Key Responsibilities
• Architect and build a robust data platform on AWS using best practices in cloud infrastructure, data engineering, and security.
• Design and implement data pipelines, data lakes, and data warehouses to support analytics, reporting, and machine learning use cases.
• Collaborate with stakeholders across engineering, analytics, and business teams to understand data requirements and translate them into scalable solutions.
• Establish data governance frameworks including data quality, metadata management, lineage, and access controls.
• Optimize performance and cost-efficiency of data storage and processing solutions.
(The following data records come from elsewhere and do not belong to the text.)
lemma max_ascent_nonempty:
  assumes "W \<noteq> []"
  shows "M \<noteq> []"
proof -
  define x where "x = hd W"
  have "sublist [x] W"
    using assms unfolding sublist_def x_def by (intro exI[of _ "[]"] exI[of _ "tl W"]) simp
  then have "sublist [inv_letter x] (word_inv W)"
    using sublist_word_inv by fastforce
  obtain A where "[] \<prec> A" "ascent lt A" "\<exists>V\<in>R_set W. sublist A V"
  proof (cases "[] \<prec> [x]")
    case True
    then show ?thesis
      using that ascent_singleton mem_R_set_self \<open>sublist [x] W\<close> by blast
  next
    case False
    then have "[x] \<prec> []"
      using lt_total[of "[]" "[x]"] by simp
    then have "fmult [inv_letter x] [x] \<prec> fmult [inv_letter x] []"
      using lt_mult_left[of "[x]" "[]" "[inv_letter x]"] by simp
    then have "[] \<prec> [inv_letter x]"
      using fmult_word_inv_left[of "[x]"] by (simp add: fmult_Nil_right)
    then show ?thesis
      using that ascent_singleton word_inv_mem_R_set[OF mem_R_set_self]
        \<open>sublist [inv_letter x] (word_inv W)\<close> by blast
  qed
  then have "A = M \<or> A \<prec> M"
    using ascent_le_max_ascent by blast
  moreover have "reduced A"
    using \<open>\<exists>V\<in>R_set W. sublist A V\<close> reduced_R_set_W reduced_sublist by blast
  ultimately show ?thesis
    using \<open>[] \<prec> A\<close> lt_asym lt_irrefl reduced_Nil by blast
qed
lemma canonical_order_eq_canon_aux:
  assumes "sorted_wrt (>) cs" and "snd ` set_mset m \<subseteq> set cs"
  shows "canonical_order m = canon_aux {#} cs m"
proof -
  let ?nonempty = "filter (\<lambda>d. ends_at m d \<noteq> {#}) cs"
  have "sorted_wrt (<) (rev ?nonempty)"
    using assms(1) by (simp add: sorted_wrt_rev sorted_wrt_filter)
  moreover have "set (rev ?nonempty) = snd ` set_mset m"
    using assms(2) by (force simp: image_iff)
  ultimately have "rev ?nonempty = sorted_list_of_set (snd ` set_mset m)"
    by (intro sorted_distinct_set_unique) (auto simp: strict_sorted_iff)
  then have "canonical_order m = canon_aux {#} ?nonempty m"
    unfolding canonical_order_def by (metis rev_rev_ident)
  also have "\<dots> = canon_aux {#} cs m"
    using canon_aux_drop_empty_blocks[OF assms(1), of "{#}" m] by simp
  finally show ?thesis .
qed

lemma mset_canonical_order: "mset (canonical_order m) = m"
proof -
  have "mset (canonical_order m) = filter_mset (\<lambda>\<Delta>. snd \<Delta> \<in> snd ` set_mset m) m"
    unfolding canonical_order_def by (simp add: mset_canon_aux)
  also have "\<dots> = m"
    by (rule multiset_eqI) (auto simp flip: count_eq_zero_iff)
  finally show ?thesis .
qed

lemma sorted_ends_canonical_order:
  "sorted_wrt (\<lambda>x y. snd y \<le> snd x) (canonical_order m)"
  unfolding canonical_order_def
  by (rule sorted_ends_canon_aux) (simp add: sorted_wrt_rev strict_sorted_iff)

lemma standard_ordering_canonical_order: "standard_ordering m (canonical_order m)"
  using sorted_ends_canonical_order[of m]
  unfolding standard_ordering_def seg_prec_def sorted_wrt_iff_nth_less
  by (metis mset_canonical_order not_le)

lemma sorted_list_of_multiset_eq_Cons:
  assumes "x \<in># M" and "\<forall>y\<in>#M. x \<le> y"
  shows "sorted_list_of_multiset M = x # sorted_list_of_multiset (M - {#x#})"
proof -
  have "sorted_list_of_multiset M = insort x (sorted_list_of_multiset (M - {#x#}))"
    using assms(1) by (metis insert_DiffM sorted_list_of_multiset_insert)
  also have "\<dots> = x # sorted_list_of_multiset (M - {#x#})"
    using assms by (intro insort_is_Cons) (auto dest: in_diffD)
  finally show ?thesis .
qed

lemma inter_image_mset_remove:
  assumes "x \<in># A" and "f x \<in># B"
  shows "(B - {#f x#}) \<inter># image_mset f (A - {#x#}) = (B \<inter># image_mset f A) - {#f x#}"
proof -
  have "image_mset f (A - {#x#}) = image_mset f A - {#f x#}"
    using assms(1) by (simp add: image_mset_Diff)
  moreover have "f x \<in># image_mset f A"
    using assms(1) by simp
  ultimately show ?thesis
    using assms(2) by (auto intro!: multiset_eqI simp flip: count_eq_zero_iff)
qed

lemma diff_remove_both:
  "x \<in># P \<Longrightarrow> P \<subseteq># M \<Longrightarrow> (M - {#x#}) - (P - {#x#}) = M - P"
  by (rule multiset_eqI) (auto simp: subseteq_mset_def simp flip: count_eq_zero_iff)

lemma nu_inv_mono: "\<Delta> \<le> \<Delta>' \<Longrightarrow> nu_inv \<Delta> \<le> nu_inv \<Delta>'"
  by (cases \<Delta>; cases \<Delta>') (auto simp: nu_inv_def)
(* Let $p$ be a prime, $d\geq3$ odd, $n\geq2$, $q=p^f$ with $f\in\{1,2,\ldots\}\cup\{\infty\}$ (convention $p^\infty=0$, $f\geq2$ if $p=2$), and let $G=\langle x_1,\ldots,x_d\mid r_0\rangle$ be a one-relator pro-$p$ group (minimal presentation) with $r_0=x_1^q[x_1,{}_n\,x_2][x_2,x_3][x_4,x_5]\cdots[x_{d-1},x_d]\cdot s$, where $s\in S''$ and $S$ is the closed subgroup generated by $x_3,\ldots,x_d$. Then every defined $3$-fold Massey product in $H^\bullet(G,\mathbb{F}_p)$ vanishes if and only if $q\neq3$.
   Context: Commutators $[x,y]=x^{-1}y^{-1}xy$, $[y,{}_k x]$ left-normed; $H''$ is the closed commutator subgroup of $H'$. For $\psi_1,\ldots,\psi_m\in H^1(G,\mathbb{F}_p)=\mathrm{Hom}(G,\mathbb{F}_p)$, $\langle\psi_1,\ldots,\psi_m\rangle\subseteq H^2(G,\mathbb{F}_p)$ is the standard $m$-fold Massey product; it is defined if nonempty and vanishes if it contains $0$. Equivalently, with $\mathbb{U}_{m+1}$ the upper unitriangular $(m+1)\times(m+1)$ matrices over $\mathbb{F}_p$ and $Z$ its center: defined iff there is a continuous homomorphism $G\to\mathbb{U}_{m+1}/Z$ with $(i,i+1)$-entries $\psi_i$, and vanishing iff there is a continuous homomorphism $G\to\mathbb{U}_{m+1}$ with $(i,i+1)$-entries $\psi_i$. *)

theory Defs
  imports "HOL-Algebra.Algebra" "HOL-Library.Extended_Nat"
begin
lemma unit_vec_eq_product_state:
  assumes "unit_vec d f" and "product_state d p" and "inner_t d p f = 1"
  shows "f = p"
proof -
  have "(\<Sum>is\<in>idx d. (cmod (complex_of_real (-1) * p is + complex_of_real 1 * f is))\<^sup>2) = 0"
    unfolding sum_sq_real_lin_comb using assms product_state_sum_sq[OF assms(2)]
    by (simp add: unit_vec_def norm_t_def)
  then have "\<forall>is\<in>idx d. f is = p is"
    by (subst (asm) sum_nonneg_eq_0_iff[OF finite_idx]) auto
  moreover have "\<forall>is. is \<notin> idx d \<longrightarrow> f is = p is"
    using assms(1,2) product_state_outside_idx by (auto simp: unit_vec_def in_space_def)
  ultimately show ?thesis by auto
qed

lemma uniform_quadratic_gap:
  fixes a b c :: "'q \<Rightarrow> real"
  assumes "M > 0" and "\<rho> > 0" and "\<delta> > 0"
    and "\<And>q. q \<in> Q \<Longrightarrow> a q \<le> 0"
    and "\<And>q. q \<in> Q \<Longrightarrow> b q \<le> M" and "\<And>q. q \<in> Q \<Longrightarrow> c q \<le> M"
    and "\<And>q. q \<in> Q \<Longrightarrow> a q > - \<rho> \<Longrightarrow> b q \<le> - \<delta>"
  shows "\<exists>\<Theta>>0. \<forall>s. 0 < s \<and> s < \<Theta> \<longrightarrow> (\<exists>e>0. \<forall>q\<in>Q. a q + b q * s + c q * s\<^sup>2 \<le> - e)"
proof -
  define \<Theta> where "\<Theta> = min 1 (min (\<rho> / (4 * M)) (\<delta> / (2 * M)))"
  have gap: "a q + b q * s + c q * s\<^sup>2 \<le> - min (\<rho> / 2) (\<delta> * s / 2)"
    if s: "0 < s" "s < \<Theta>" and q: "q \<in> Q" for s q
  proof -
    have Ms: "s \<le> 1" "M * s \<le> \<rho> / 4" "M * s \<le> \<delta> / 2"
      using s assms(1) by (auto simp: \<Theta>_def field_simps)
    have c_bound: "c q * s\<^sup>2 \<le> (M * s) * s"
      using mult_right_mono[OF assms(6)[OF q], of "s * s"] by (simp add: power2_eq_square mult.assoc)
    have Mss: "M * s * s \<le> M * s" "M * s * s \<le> \<delta> / 2 * s"
      using Ms s(1) assms(1) by (simp_all add: mult_right_mono)
    have b_bound: "b q * s \<le> M * s"
      using assms(5)[OF q] s(1) by (simp add: mult_right_mono)
    show ?thesis
    proof (cases "a q > - \<rho>")
      case True
      then have "b q * s \<le> - \<delta> * s"
        using mult_right_mono[OF assms(7)[OF q True], of s] s(1) by simp
      with c_bound Mss assms(4)[OF q] show ?thesis by linarith
    next
      case False
      with c_bound Mss b_bound Ms show ?thesis by linarith
    qed
  qed
  have "\<Theta> > 0"
    using assms(1-3) by (simp add: \<Theta>_def)
  moreover have "min (\<rho> / 2) (\<delta> * s / 2) > 0" if "s > 0" for s
    using assms(2,3) that by simp
  ultimately show ?thesis
    using gap by blast
qed

lemma cmod_sq_real_lin_comb_expand:
  fixes l t m :: real and u v :: complex
  shows "(cmod (complex_of_real l * u + complex_of_real t * v))\<^sup>2 - l\<^sup>2 * (l\<^sup>2 + t\<^sup>2)
    = ((cmod (complex_of_real l * u + complex_of_real m * v))\<^sup>2 - l\<^sup>2 * (l\<^sup>2 + m\<^sup>2))
      + (2 * l * Re (cnj u * v) + 2 * m * ((cmod v)\<^sup>2 - l\<^sup>2)) * (t - m)
      + ((cmod v)\<^sup>2 - l\<^sup>2) * (t - m)\<^sup>2"
  unfolding cmod_power2 by (simp add: power2_eq_square algebra_simps)

locale generic_best_approx =
  fixes d :: "nat list" and psi pi :: "nat list \<Rightarrow> complex"
  assumes generic: "generic d psi"
    and best: "best_approx d psi pi"
    and phase: "inner_t d pi psi = complex_of_real (sqrt (lambda2 d psi))"
begin

definition lam :: real where
  "lam = sqrt (lambda2 d psi)"

definition mu :: real where
  "mu = sqrt (1 - lam\<^sup>2)"

definition eta :: "nat list \<Rightarrow> complex" where
  "eta = (\<lambda>is. complex_of_real (1 / mu) * (psi is - inner_t d pi psi * pi is))"
text \<open>
  Additivity, iterated, gives \<open>ord (u + k e) = ord u + k\<close>. Since the blowup is \<open>\<nat>\<close>, the number
  \<open>e + 1\<close> is a generator (or \<open>e = 1\<close>), so every \<open>q e + s\<close> with \<open>s < e\<close> and \<open>s \<le> q\<close> has a
  factorization of length \<open>q\<close>; comparing the two for large \<open>k\<close> yields \<open>ord n = n div e\<close>.
  Since a factorization \<open>c\<close> of \<open>n\<close> satisfies \<open>n = |c| e + (\<Sum>g \<noteq> e. c g (g - e))\<close>, forgetting the
  coefficient of \<open>e\<close> embeds the maximal factorizations of \<open>n\<close> into the representations of
  \<open>n mod e\<close> in \<open>B\<close>, bijectively when \<open>n mod e \<le> n div e\<close>. Hence
  \<open>d\<^sub>m\<^sub>a\<^sub>x(n) \<le> d(n mod e) \<le> d(e - 1)\<close>, with equality at \<open>n = e\<^sup>2 - 1\<close>.
\<close>

lemma finite_weighted_reps:
  fixes v :: "'a \<Rightarrow> nat"
  assumes "finite A" and "\<And>a. a \<in> A \<Longrightarrow> 0 < v a"
  shows "finite {x. (\<forall>a. a \<notin> A \<longrightarrow> x a = 0) \<and> (\<Sum>a\<in>A. x a * v a) = n}"
proof (rule finite_subset)
  show "finite {x. \<forall>a. (a \<in> A \<longrightarrow> x a \<in> {..n}) \<and> (a \<notin> A \<longrightarrow> x a = 0)}"
    using assms(1) by (intro finite_set_of_finite_funs) auto
  have "x a \<le> (\<Sum>a\<in>A. x a * v a)" if "a \<in> A" for x a
  proof -
    have "x a \<le> x a * v a" using assms(2)[OF that] by simp
    also have "\<dots> \<le> (\<Sum>a\<in>A. x a * v a)" using assms(1) that by (intro member_le_sum) auto
    finally show ?thesis .
  qed
  then show "{x. (\<forall>a. a \<notin> A \<longrightarrow> x a = 0) \<and> (\<Sum>a\<in>A. x a * v a) = n}
      \<subseteq> {x. \<forall>a. (a \<in> A \<longrightarrow> x a \<in> {..n}) \<and> (a \<notin> A \<longrightarrow> x a = 0)}"
    by auto
qed

text \<open>
  \<open>multiplicity S\<close> is \<open>Min\<close> of the infinite set \<open>S - {0}\<close>, hence an unspecified number (the
  same one as \<open>Max {}\<close>). The true multiplicity is \<open>least_nonzero S\<close>; additivity forces the two
  to agree.
\<close>
definition least_nonzero :: "nat set \<Rightarrow> nat" where
  "least_nonzero S = (LEAST x. x \<in> S \<and> x \<noteq> 0)"

definition max_factorizations :: "nat set \<Rightarrow> nat \<Rightarrow> (nat \<Rightarrow> nat) set" where
  "max_factorizations S n = {c \<in> factorizations S n. fact_len S c = ord S n}"

definition blowup_value :: "nat set \<Rightarrow> (nat \<Rightarrow> nat) \<Rightarrow> nat" where
  "blowup_value S x = (\<Sum>g\<in>min_gens S. x g * blowup_weight S g)"

lemma mem_blowup_reps_iff:
  "x \<in> blowup_reps S b \<longleftrightarrow> (\<forall>g. g \<notin> min_gens S \<longrightarrow> x g = 0) \<and> blowup_value S x = b"
  unfolding blowup_reps_def blowup_value_def by simp

locale num_semigroup =
  fixes S :: "nat set"
  assumes numerical_semigroup: "numerical_semigroup S"
begin

abbreviation "G \<equiv> min_gens S"

lemma zero_mem: "0 \<in> S"
  and add_mem: "x \<in> S \<Longrightarrow> y \<in> S \<Longrightarrow> x + y \<in> S"
  and finite_gaps: "finite (UNIV - S)"
  using numerical_semigroup unfolding numerical_semigroup_def by auto

lemma mult_mem: "g \<in> S \<Longrightarrow> k * g \<in> S"
  by (induction k) (auto simp: zero_mem add_mem)

lemma sum_mem: "finite A \<Longrightarrow> (\<And>a. a \<in> A \<Longrightarrow> f a \<in> S) \<Longrightarrow> sum f A \<in> S"
  by (induction A rule: finite_induct) (auto simp: zero_mem add_mem)

lemma infinite_semigroup: "infinite S"
proof
  assume "finite S"
  then have "finite (S \<union> (UNIV - S))" using finite_gaps by simp
  then show False by simp
qed

lemma least_nonzero_mem: "least_nonzero S \<in> S"
  and least_nonzero_pos: "least_nonzero S \<noteq> 0"
proof -
  have "\<not> S \<subseteq> {0}" using infinite_semigroup finite_subset by blast
  then have "\<exists>x. x \<in> S \<and> x \<noteq> 0" by blast
  from LeastI_ex[OF this] show "least_nonzero S \<in> S" "least_nonzero S \<noteq> 0"
    unfolding least_nonzero_def by auto
qed

lemma least_nonzero_le: "x \<in> S \<Longrightarrow> x \<noteq> 0 \<Longrightarrow> least_nonzero S \<le> x"
  unfolding least_nonzero_def by (simp add: Least_le)

lemma min_gens_mem: "g \<in> G \<Longrightarrow> g \<in> S"
  and min_gens_nonzero: "g \<in> G \<Longrightarrow> g \<noteq> 0"
  unfolding min_gens_def by auto

lemma least_nonzero_le_min_gens: "g \<in> G \<Longrightarrow> least_nonzero S \<le> g"
  using min_gens_mem min_gens_nonzero least_nonzero_le by blast

lemma least_nonzero_min_gen: "least_nonzero S \<in> G"
proof -
  have "x + y \<noteq> least_nonzero S" if "x \<in> S" "y \<in> S" "x \<noteq> 0" "y \<noteq> 0" for x y
    using least_nonzero_le[of x] least_nonzero_le[of y] that by linarith
  then show ?thesis
    using least_nonzero_mem least_nonzero_pos unfolding min_gens_def by blast
qed
lemma dual_value_le_transport_cost:
  fixes \<Omega> :: "'a::euclidean_space set"
  assumes "bounded \<Omega>" and \<mu>: "borel_prob_on \<Omega> \<mu>" and \<nu>: "borel_prob_on \<Omega> \<nu>"
    and \<gamma>: "\<gamma> \<in> couplings \<Omega> \<mu> \<nu>" and "\<phi> \<in> Cb \<Omega>"
    and admissible: "\<forall>x\<in>supp \<mu>. \<forall>y\<in>supp \<nu>. \<phi> x - \<phi> y \<le> norm (x - y)"
  shows "(\<integral>x. \<phi> x \<partial>\<mu>) - (\<integral>x. \<phi> x \<partial>\<nu>) \<le> (\<integral>p. norm (fst p - snd p) \<partial>\<gamma>)"
proof -
  let ?R = "restrict_space borel \<Omega>"
  have \<gamma>_prob: "borel_prob_on (\<Omega> \<times> \<Omega>) \<gamma>" using \<gamma> by (simp add: couplings_def)
  then have sets_\<gamma>: "sets \<gamma> = sets (?R \<Otimes>\<^sub>M ?R)"
    by (simp add: borel_prob_on_def sets_pair_restrict_space_borel)
  have meas: "fst \<in> measurable \<gamma> ?R" "snd \<in> measurable \<gamma> ?R"
    by (simp_all add: measurable_cong_sets[OF sets_\<gamma> refl])
  have \<phi>_meas: "\<phi> \<in> borel_measurable ?R"
    using \<open>\<phi> \<in> Cb \<Omega>\<close> by (simp add: Cb_def borel_measurable_continuous_on_restrict)
  have "(\<lambda>p. \<phi> (fst p)) \<in> Cb (\<Omega> \<times> \<Omega>)" "(\<lambda>p. \<phi> (snd p)) \<in> Cb (\<Omega> \<times> \<Omega>)"
    by (rule Cb_compose[OF \<open>\<phi> \<in> Cb \<Omega>\<close>], (rule continuous_on_fst continuous_on_snd continuous_on_id)+, force)+
  then have int_fst: "integrable \<gamma> (\<lambda>p. \<phi> (fst p))" and int_snd: "integrable \<gamma> (\<lambda>p. \<phi> (snd p))"
    using integrable_Cb[OF \<gamma>_prob] by blast+
  have int_cost: "integrable \<gamma> (\<lambda>p. norm (fst p - snd p))"
    using integrable_coupling_cost[OF \<open>bounded \<Omega>\<close> \<gamma>] .
  have "AE x in distr \<gamma> ?R fst. x \<in> supp \<mu>"
    unfolding couplings_distr(1)[OF \<gamma> \<mu> \<nu>]
    using \<mu> by (intro AE_in_supp) (simp add: borel_prob_on_def)
  then have "AE p in \<gamma>. fst p \<in> supp \<mu>" by (rule AE_distrD[OF meas(1)])
  moreover have "AE x in distr \<gamma> ?R snd. x \<in> supp \<nu>"
    unfolding couplings_distr(2)[OF \<gamma> \<mu> \<nu>]
    using \<nu> by (intro AE_in_supp) (simp add: borel_prob_on_def)
  then have "AE p in \<gamma>. snd p \<in> supp \<nu>" by (rule AE_distrD[OF meas(2)])
  ultimately have "AE p in \<gamma>. \<phi> (fst p) - \<phi> (snd p) \<le> norm (fst p - snd p)"
    using admissible by auto
  then have "(\<integral>p. \<phi> (fst p) - \<phi> (snd p) \<partial>\<gamma>) \<le> (\<integral>p. norm (fst p - snd p) \<partial>\<gamma>)"
    by (intro integral_mono_AE int_cost Bochner_Integration.integrable_diff int_fst int_snd)
  moreover have "(\<integral>x. \<phi> x \<partial>\<mu>) = (\<integral>p. \<phi> (fst p) \<partial>\<gamma>)" "(\<integral>x. \<phi> x \<partial>\<nu>) = (\<integral>p. \<phi> (snd p) \<partial>\<gamma>)"
    using integral_distr[OF meas(1) \<phi>_meas] integral_distr[OF meas(2) \<phi>_meas]
      couplings_distr[OF \<gamma> \<mu> \<nu>] by simp_all
  ultimately show ?thesis using int_fst int_snd by simp
qed


section \<open>Discretisation\<close>

definition grid_cell :: "real \<Rightarrow> 'a::euclidean_space \<Rightarrow> ('a \<Rightarrow> int)"
  where "grid_cell h x = restrict (\<lambda>b. \<lfloor>x \<bullet> b / h\<rfloor>) Basis"

lemma sets_grid_cell: "{x. grid_cell h x = k} \<in> sets borel"
proof (cases "k \<in> extensional Basis")
  case True
  then have "{x. grid_cell h x = k} = {x. \<forall>b\<in>Basis. \<lfloor>x \<bullet> b / h\<rfloor> = k b}"
    by (auto simp: grid_cell_def fun_eq_iff extensional_def)
  also have "\<dots> \<in> sets borel" by measurable
  finally show ?thesis .
next
  case False
  then have "{x. grid_cell h x = k} = {}" by (auto simp: grid_cell_def)
  then show ?thesis by simp
qed

lemma dist_lt_if_grid_cell_eq:
  fixes x y :: "'a::euclidean_space" and h :: real
  assumes "0 < h" and "grid_cell h x = grid_cell h y"
  shows "dist x y < DIM('a) * h"
proof -
  have "\<bar>(x - y) \<bullet> b\<bar> < h" if b: "b \<in> Basis" for b
  proof -
    have "\<lfloor>x \<bullet> b / h\<rfloor> = \<lfloor>y \<bullet> b / h\<rfloor>"
      using fun_cong[OF assms(2), of b] b by (simp add: grid_cell_def)
    then have "\<bar>x \<bullet> b / h - y \<bullet> b / h\<bar> < 1" by linarith
    then show ?thesis using \<open>0 < h\<close> by (simp add: inner_diff_left abs_less_iff field_simps)
  qed
  then have "(\<Sum>b\<in>Basis. \<bar>(x - y) \<bullet> b\<bar>) < (\<Sum>b\<in>(Basis :: 'a set). h)"
    by (intro sum_strict_mono) auto
  then show ?thesis using norm_le_l1[of "x - y"] by (simp add: dist_norm)
qed

lemma finite_grid_cell_image:
  fixes \<Omega> :: "'a::euclidean_space set"
  assumes "bounded \<Omega>" and "0 < h"
  shows "finite (grid_cell h ` \<Omega>)"
proof -
  obtain D where D: "\<And>x. x \<in> \<Omega> \<Longrightarrow> norm x \<le> D" using \<open>bounded \<Omega>\<close> by (auto simp: bounded_iff)
  define N where "N = \<lceil>D / h\<rceil>"
  have "\<lfloor>x \<bullet> b / h\<rfloor> \<in> {-N..N}" if "x \<in> \<Omega>" "b \<in> Basis" for x b
  proof -
    have "\<bar>x \<bullet> b\<bar> \<le> D" using Basis_le_norm[OF that(2), of x] D[OF that(1)] by linarith
    then have "\<bar>x \<bullet> b / h\<bar> \<le> D / h" using \<open>0 < h\<close> by (simp add: divide_right_mono)
    moreover have "D / h \<le> of_int N" by (simp add: N_def)
    ultimately have "- of_int N \<le> x \<bullet> b / h" "x \<bullet> b / h \<le> of_int N" by linarith+
    then show ?thesis by (simp add: le_floor_iff floor_le_iff)
  qed
  then have "grid_cell h ` \<Omega> \<subseteq> PiE Basis (\<lambda>_. {-N..N})" by (auto simp: grid_cell_def)
  then show ?thesis by (rule finite_subset) (auto intro!: finite_PiE)
qed

lemma bounded_partition_small_cells:
  fixes \<Omega> :: "'a::euclidean_space set"
  assumes "bounded \<Omega>" and "0 < \<eta>"
  obtains I :: "('a \<Rightarrow> int) set" and A :: "('a \<Rightarrow> int) \<Rightarrow> 'a set"
  where "finite I" and "disjoint_family_on A I" and "(\<Union>i\<in>I. A i) = \<Omega>"
    and "\<And>i. i \<in> I \<Longrightarrow> A i \<noteq> {}" and "\<And>i. A i \<in> sets (restrict_space borel \<Omega>)"
    and "\<And>i x y. x \<in> A i \<Longrightarrow> y \<in> A i \<Longrightarrow> dist x y < \<eta>"
proof
  define h where "h = \<eta> / DIM('a)"
  have "0 < h" using \<open>0 < \<eta>\<close> by (simp add: h_def)
  define A where "A k = \<Omega> \<inter> {x. grid_cell h x = k}" for k
  show "finite (grid_cell h ` \<Omega>)" using finite_grid_cell_image[OF \<open>bounded \<Omega>\<close> \<open>0 < h\<close>] .
  show "disjoint_family_on A (grid_cell h ` \<Omega>)" "(\<Union>k\<in>grid_cell h ` \<Omega>. A k) = \<Omega>"
    "\<And>k. k \<in> grid_cell h ` \<Omega> \<Longrightarrow> A k \<noteq> {}"
    by (auto simp: A_def disjoint_family_on_def)
  show "A k \<in> sets (restrict_space borel \<Omega>)" for k
    using sets_grid_cell[of h k] by (auto simp: A_def sets_restrict_space)
  show "dist x y < \<eta>" if "x \<in> A k" "y \<in> A k" for k x y
    using dist_lt_if_grid_cell_eq[OF \<open>0 < h\<close>, of x y] that by (simp add: A_def h_def)
qed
• Evaluate and integrate third-party tools and services to enhance the data platform capabilities.
• Mentor and guide junior engineers and contribute to building a high-performing data engineering team.
Required Qualifications
• Proven experience in designing and implementing data platforms on AWS (e.g., S3, Glue, Redshift, Athena, EMR, Lambda, Kinesis).
• Strong proficiency in data modeling, ETL/ELT processes, and distributed data processing frameworks (e.g., Apache Spark, Apache Flink).
• Hands-on experience with infrastructure-as-code tools (e.g., Terraform, CloudFormation).
• Solid understanding of data security, compliance, and governance in cloud environments.
• Proficiency in Python, SQL, and other relevant programming languages.
• Experience with CI/CD pipelines and DevOps practices in data engineering.
• Excellent problem-solving, communication, and stakeholder management skills.
Preferred Qualifications
• AWS Certified Solutions Architect or AWS Certified Data Analytics certification.
• Experience with real-time data streaming and event-driven architectures.
• Familiarity with data cataloging tools (e.g., AWS Glue Data Catalog, Amundsen).
• Exposure to machine learning workflows and integration with data platforms.